This dissertation is a qualitative, life history/narrative study that explores how 19 adult trans masculine people living in different urban areas around Johannesburg and Cape Town, South Africa navigate and negotiate liveable lives in the spaces and places they live and move in. This study draws from the theoretical and analytical traditions of feminist geographies, queer phenomenology, black trans feminism and the analytic of racial capitalism. To this end, this study brings forth a critical analysis of urban subjectivities and urban spatialities and traces the rhythm, textures and contours of trans masculine lives and how gender, space, class, race/ism, and sexuality shape the conditions of their possibility and emergence within the two cities. The cities of Johannesburg and Cape Town are hailed for their extensive historical and contemporary formations of queer and gender non-normative socialities. Through narrative analysis, this study shows how the classed and racialised gender-sexuality-spatiality formation marking the topography of the two cities animates the discursive and material constitutions of trans masculinities. Further, the discursive and material conditions variably permit trans masculine lives and complicate the emergence and visibility of trans masculinities, particularly those that do not lend themselves to normative registers of gender and sexuality. Further, this study shows how trans masculine people strategically commit to expressions and practices of masculinities depending on the spatial context of their movements. These strategies make possible the safe negotiation and passage in different social spaces of the cities. Finally, this dissertation emphasises how spaces, places, and gender subjectivities become and are continually re/produced through practicing and embodying otherwise forms of being. Specifically, through the insistence on nurturing forms of sociality that displace the racialised gender and sexuality binary as the authoritative grammar and syntax for knowable and legible life.

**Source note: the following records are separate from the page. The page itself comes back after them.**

(* Let $G$ be a countable self-similar group over $X$ with $\mu((X^\omega)_{G\text{-reg}})=1$, and fix a strictly $G$-regular point $w_0\in X^\omega$. If $\eta\in\mathbb{C}\langle G,X\rangle$ satisfies $\pi_{w_0}(\eta)=0$, then $\psi(\eta)=0$. Consequently the assignment $\psi'(\pi_{w_0}(f)):=\psi(f)$ for $f\in\langle G,X\rangle$ extends to a well-defined linear functional $\psi'$ on $\pi_{w_0}(\mathbb{C}\langle G,X\rangle)$.
   Context: $X$ is a finite set with $|X|\ge2$, $X^*$ the finite words, $X^\omega$ the right-infinite words with the product topology, $\mu$ the uniform Bernoulli measure on $X^\omega$. A self-similar group over $X$ is a subgroup $G\subset\mathrm{Homeo}(X^\omega)$ such that for all $g\in G$, $x\in X$ there are $g(x)\in X$, $g|_x\in G$ with $g(xw)=g(x)g|_x(w)$ for all $w$. $\mathcal{O}_{G_{\max}}$ is the universal unital C$^*$-algebra generated by unitaries $g\in G$ (respecting relations of $G$) and $S_x$ ($x\in X$) with $S_x^*S_x=1$, $\sum_yS_yS_y^*=1$, $gS_x=S_{g(x)}g|_x$; $S_u=S_{x_1}\cdots S_{x_n}$ for $u=x_1\cdots x_n$. $\langle G,X\rangle=\{S_ugS_v^*:u,v\in X^*,g\in G\}$, whose elements are also regarded as partial homeomorphisms of $X^\omega$ ($S_u:w\mapsto uw$, $S_v^*$ its partial inverse on $vX^\omega$). $\mathbb{C}\langle G,X\rangle=\mathrm{span}\,\langle G,X\rangle\subset\mathcal{O}_{G_{\max}}$. The linear functional $\psi$ on $\mathbb{C}\langle G,X\rangle$ is $\psi(S_ugS_v^* )=\delta_{u,v}|X|^{-|u|}\mu(\{w:g(w)=w\})$ (equivalently $\psi(f)=\mu(\mathrm{Fix}(f))$ for $f\in\langle G,X\rangle$). For $w\in X^\omega$, $\pi_w$ is the representation of $\mathcal{O}_{G_{\max}}$ on $\ell^2$ of the orbit $\{f(w):f\in\langle G,X\rangle,w\in\mathrm{Dom} f\}$ given by $\pi_w(S_x)\delta_{w_1}=\delta_{xw_1}$, $\pi_w(g)\delta_{w_1}=\delta_{g(w_1)}$. For $f\in\langle G,X\rangle$, $w$ is $f$-regular if $f$ is undefined at $w$, or $f(w)\ne w$, or $w$ has an open neighborhood of fixed points of $f$; $w$ is strictly $G$-regular if it is $f$-regular for all $f\in\langle G,X\rangle$; $w$ is $G$-regular if it is $g$-regular for all $g\in G$, and $(X^\omega)_{G\text{-reg}}$ is the set of $G$-regular points. *)

theory Defs
  imports "HOL-Analysis.Analysis" "HOL-Probability.Probability"
begin

text \<open>The alphabet X is the finite type 'x (X = UNIV); X^* = 'x list;
  X^omega = nat => 'x (right-infinite words).\<close>

type_synonym 'x infword = "nat \<Rightarrow> 'x"

definition Xomega_top :: "'x infword topology" where
  "Xomega_top = product_topology (\<lambda>_::nat. discrete_topology (UNIV::'x set)) UNIV"

definition bernoulli_mu :: "'x::finite infword measure" where
  "bernoulli_mu = (\<Pi>\<^sub>M i\<in>(UNIV::nat set). measure_pmf (pmf_of_set (UNIV::'x set)))"

definition prep :: "'x list \<Rightarrow> 'x infword \<Rightarrow> 'x infword" where
  "prep u w = (\<lambda>i. if i < length u then u ! i else w (i - length u))"
theorem theorem18:
  fixes C :: "('o, 'a) smcat"
    and Mo :: "'o \<Rightarrow> 'o" and Ma :: "'a \<Rightarrow> 'a"
    and eta mu :: "'o \<Rightarrow> 'a" and tau :: "'o \<Rightarrow> 'o \<Rightarrow> 'a"
    and A :: 'o and a m u :: 'a
  assumes "symmetric_monoidal_category C"
    and "commutative_monad C Mo Ma eta mu tau"
    and "sym_em_monoid C Mo Ma eta mu tau A a m u"
  shows "em_monoid C Mo Ma eta mu tau A a m u"
proof -
  interpret strong_monad_on_smc C Mo Ma eta mu tau
    using assms(1,2) by unfold_locales (auto simp: commutative_monad_def)
  have alg: "em_algebra C Mo Ma eta mu A a" and mon: "monoid_obj C A m u"
    and sym_law: "Cmp C a (Cmp C (Ma m) (Cmp C (mu (Tob C A A))
       (Cmp C (Ma (lstrength C Mo Ma tau A A)) (tau A (Mo A))))) = Cmp C m (Tar C a a)"
    using assms(3) unfolding sym_em_monoid_def by auto
  then have A: "A \<in> Ob C" and a: "a \<in> hom C (Mo A) A" and a_eta: "Cmp C a (eta A) = Idm C A"
    and m: "m \<in> hom C (Tob C A A) A"
    unfolding em_algebra_def monoid_obj_def by auto
  let ?j = "Tar C (Idm C (Mo A)) (eta A)"
  let ?D = "Cmp C (mu (Tob C A A)) (Cmp C (Ma (lstrength C Mo Ma tau A A)) (tau A (Mo A)))"
  have j: "?j \<in> hom C (Tob C (Mo A) A) (Tob C (Mo A) (Mo A))"
    using Tar_hom cat_id_hom[OF cat Mo_ob[OF A]] eta_hom[OF A] by auto
  have D: "?D \<in> hom C (Tob C (Mo A) (Mo A)) (Mo (Tob C A A))"
    by (meson A Ma_hom Mo_ob Tob_ob cat cat_comp_hom lstrength_hom mu_hom tau_hom)
  have "Cmp C m (Tar C a (Idm C A)) = Cmp C (Cmp C m (Tar C a a)) ?j"
    using cat_comp_assoc[OF cat j Tar_hom[OF a a] m]
      Tar_comp[OF cat_id_hom[OF cat Mo_ob[OF A]] a eta_hom[OF A] a] cat_comp_id[OF cat a] a_eta
    by simp
  also have "\<dots> = Cmp C (Cmp C a (Cmp C (Ma m) ?D)) ?j"
    using sym_law by simp
  also have "\<dots> = Cmp C a (Cmp C (Ma m) (Cmp C ?D ?j))"
    using cat_comp_assoc[OF cat j cat_comp_hom[OF cat D Ma_hom[OF m]] a]
      cat_comp_assoc[OF cat j D Ma_hom[OF m]] by simp
  also have "\<dots> = Cmp C a (Cmp C (Ma m) (tau A A))"
    using double_strength_Tar_eta[OF A A] by simp
  finally show ?thesis
    using alg mon unfolding em_monoid_def by auto
qed

end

This study is a life history inquiry of trans urban spatial experiences that draws from the complex and unfolding life histories/narratives of 19 adult trans masculine people living in urban neighbourhoods in Johannesburg and Cape Town, South Africa. From their vantage points, I explore the socially produced imaginary and lived urban geographies of the two cities and how trans masculine people create and articulate liveable lives within them. Guiding this inquiry and analysis is the main question: how do trans masculine people living in urban areas around Cape Town and Johannesburg, South Africa, navigate and negotiate liveable lives in the spaces and places in which they live and move? This dissertation engages with and responds to the need for more critical studies that analyse track how urban trans and gender non-normative lives unfold within wider processes of subjectivation and overdetermination.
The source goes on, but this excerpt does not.